Die Behörden richteten im Hafen von Stone Town, dem alten Teil der Hauptstadt Sansibar, ein Erste-Hilfe-Zentrum ein. Unter den dorthin gebrachten Überlebenden und Toten waren nach Angaben eines AFP-Korrespondenten vor Ort keine Ausländer - die malerischen Inseln Sansibars mit ihren weißen Sandstränden erzielen ihre Haupteinkünfte aus dem Tourismus. Die meisten Passagiere stammten laut den Behörden aus Sansibar. Unter ihnen waren zahlreiche Familien, die von ihrem Urlaub zum Ende des Ramadan auf der Hauptinsel Unguja nach Hause auf die rund 80 Kilometer entfernte Insel Pemba zurückkehrten. 

„Es war furchtbar, die Menschen schrien und kreischten in der Dunkelheit“, berichtete die siebenjährige Überlebende Aisha Mohammed. „Ich kann meine Mami nicht finden, ich habe sie im Wasser verloren“, sagte sie verzweifelt, nachdem sie von einem Rettungsboot aus dem Meer gezogen wurde. 

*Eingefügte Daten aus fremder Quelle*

(* Everything is computed in coordinates: D = E^f eta_1 + E^f eta_2 and D_L = E^m eta_1 + E^m eta_2
   (m = e f), and a vector of E^n is treated componentwise, so that the e_s-component of a
   submodule is an E-subspace of E^2 (the "fibre" at s).
   (1) Newton numbers.  The rank of a free submodule is the dimension of any of its fibres, and
       comparing phi on an arbitrary basis with phi on the standard basis shows that the product
       of the fibrewise determinants of [phi] is (p delta^2)^f for D and delta^f for D_2 = E^f eta_2.
   (2) Hodge numbers.  The fibres of the filtration give t_H(D_L) = sum_i k_i and
       t_H(D_2,L) = sum_{x_i = 0} k_i.
   (3) Classification.  phi moves the idempotent lines cyclically and N maps eta_1 to eta_2, so
       the only phi- and N-stable submodules are 0, D_2 and D.
   (4) Galois action.  g(eta_1) is an eigenvector of phi for the eigenvalue p delta; as p^f <> 1
       this forces g(eta_1) = chi(g) eta_1, and N-equivariance then gives g(eta_2) = chi(g) eta_2.
   The main theorem follows: weak admissibility is tested on D and D_2 only, and D_2 (which is
   G-stable by (4)) is the only candidate for a proper weakly admissible sub-object. *)


lemma det_mat_0: "det (mat 0 0 g) = (1 :: 'a::comm_ring_1)"
  by (rule det_dim_zero) auto

lemma det_mat_1: "det (mat 1 1 g) = (g (0,0) :: 'a::comm_ring_1)"
  by (subst laplace_expansion_column[of _ 1 0])
     (auto simp: cofactor_def mat_delete_def det_dim_zero)

lemma det_mat_2: "det (mat 2 2 g) = (g (0,0) * g (1,1) - g (0,1) * g (1,0) :: 'a::comm_ring_1)"
  apply (subst laplace_expansion_column[of _ 2 0])
    apply (auto simp: cofactor_def numeral_2_eq_2)
  apply (subst (1 2) laplace_expansion_column[of _ 1 0])
    apply (auto simp: mat_delete_def cofactor_def)
  done


section \<open>Fibres: the e_s-components as subspaces of E^2\<close>

interpretation W: vector_space "wsc2 :: 'a::field \<Rightarrow> 'a \<times> 'a \<Rightarrow> 'a \<times> 'a"
  by unfold_locales (auto simp: wsc2_def algebra_simps)

lemma W_span_basis: "W.span {(1::'a::field, 0), (0, 1)} = UNIV"
proof -
  have "(a, b) \<in> W.span {(1::'a, 0), (0, 1)}" for a b
  proof -
    have "wsc2 a (1, 0) + wsc2 b (0, 1) \<in> W.span {(1::'a, 0), (0, 1)}"
      by (intro W.span_add W.span_scale W.span_base) auto
    then show ?thesis by (simp add: wsc2_def)
  qed
  then show ?thesis by auto
qed

lemma W_indep_basis: "W.independent {(1::'a::field, 0), (0, 1)}"
proof
  assume "W.dependent {(1::'a, 0), (0, 1)}"
  then obtain u where u: "\<exists>w\<in>{(1::'a, 0), (0, 1)}. u w \<noteq> 0"
    "(\<Sum>w\<in>{(1::'a, 0), (0, 1)}. wsc2 (u w) w) = 0"
    using W.dependent_finite[of "{(1::'a, 0), (0, 1)}"] by auto
  from u(2) have "(u (1, 0), u (0, 1)) = (0::'a, 0::'a)"
    by (simp add: wsc2_def zero_prod_def)
  with u(1) show False by auto
qed

interpretation W: finite_dimensional_vector_space "wsc2 :: 'a::field \<Rightarrow> 'a \<times> 'a \<Rightarrow> 'a \<times> 'a"
  "{(1, 0), (0, 1)}"
  by unfold_locales (auto simp: W_span_basis W_indep_basis)

lemma W_dim_line: "(w::'a::field \<times> 'a) \<noteq> 0 \<Longrightarrow> W.dim (range (\<lambda>t. wsc2 t w)) = 1"
  by (metis W.dim_singleton W.dim_span W.span_singleton)

definition prj :: "nat \<Rightarrow> (nat \<Rightarrow> 'a) \<times> (nat \<Rightarrow> 'a) \<Rightarrow> 'a \<times> 'a" where
  "prj s u = (fst u s, snd u s)"

lemma fun_sum_apply: "(\<Sum>j\<in>A. g j) (i::nat) = (\<Sum>j\<in>A. g j i :: 'a::comm_monoid_add)"
  by (induct A rule: infinite_finite_induct) auto

lemma prj_add [simp]: "prj s (u + w) = prj s u + prj s w"
  by (simp add: prj_def)

lemma prj_zero [simp]: "prj s 0 = (0 :: 'a::zero \<times> 'a)"
  by (simp add: prj_def zero_prod_def)

lemma prj_sum: "prj s (\<Sum>j\<in>A. F j) = (\<Sum>j\<in>A. prj s (F j) :: 'a::comm_monoid_add \<times> 'a)"
  by (simp add: prj_def fst_sum snd_sum fun_sum_apply sum_prod)

lemma prj_wsmult [simp]: "prj s (wsmult c u) = wsc2 (c s) (prj s (u :: (nat \<Rightarrow> 'a::field) \<times> _))"
  by (simp add: prj_def wsmult_def wsc2_def)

Andere Überlebende warfen den Hafen- und Fährbetreibern vor, das Schiff hoffnungslos überladen zu haben. „Noch bevor die Fähre auslief, schrien wir dem Kapitän und den Leuten im Hafen zu, dass sie zu voll sei“, berichtete der 50-jährige Überlebende Said Amur. Vier Stunden später kenterte die Fähre auf dem Weg nach Pemba. „Das war kein Unfall, Schuld haben diejenigen, die das Schiff nicht stoppten - als selbst schon die Passagiere begriffen, dass es nicht sicher war.“ Die Mannschaft habe alle noch zu beruhigen versucht, als die ersten Passagiere bereits nach Rettungswesten riefen, berichtete Amur weiter: „Als es dann wirklich schlimm wurde, war es für viele Passagiere zu spät.“ Wie viele Menschen genau an Bord der Unglücksfähre waren, stand zunächst nicht fest. Passagierlisten werden in der Region in der Regel nicht oder nur unzureichend geführt. Auch nach Angaben des für Infrastruktur und Kommunikation zuständigen Regierungsvertreters Issa Gavu hatte das Schiff jedoch weitaus mehr Passagiere an Bord als zugelassen. Zudem habe es riesige Mengen an Reis und anderen Gütern geladen. 

Sansibars Präsident Ali Mohammed Schin sprach von einer nationalen Tragödie. Seine Regierung werde „alles tun, um die Opfer dieses schrecklichen Vorfalls zu unterstützen“, versprach er. 

Tansanische Fähren und Frachtschiffe sind für ihre Sicherheitsmängel bekannt. Immer wieder brachen auf ihnen in den vergangenen Jahren Brände aus. Im Mai 2009 kenterte eine Fähre, dabei starben sechs Menschen.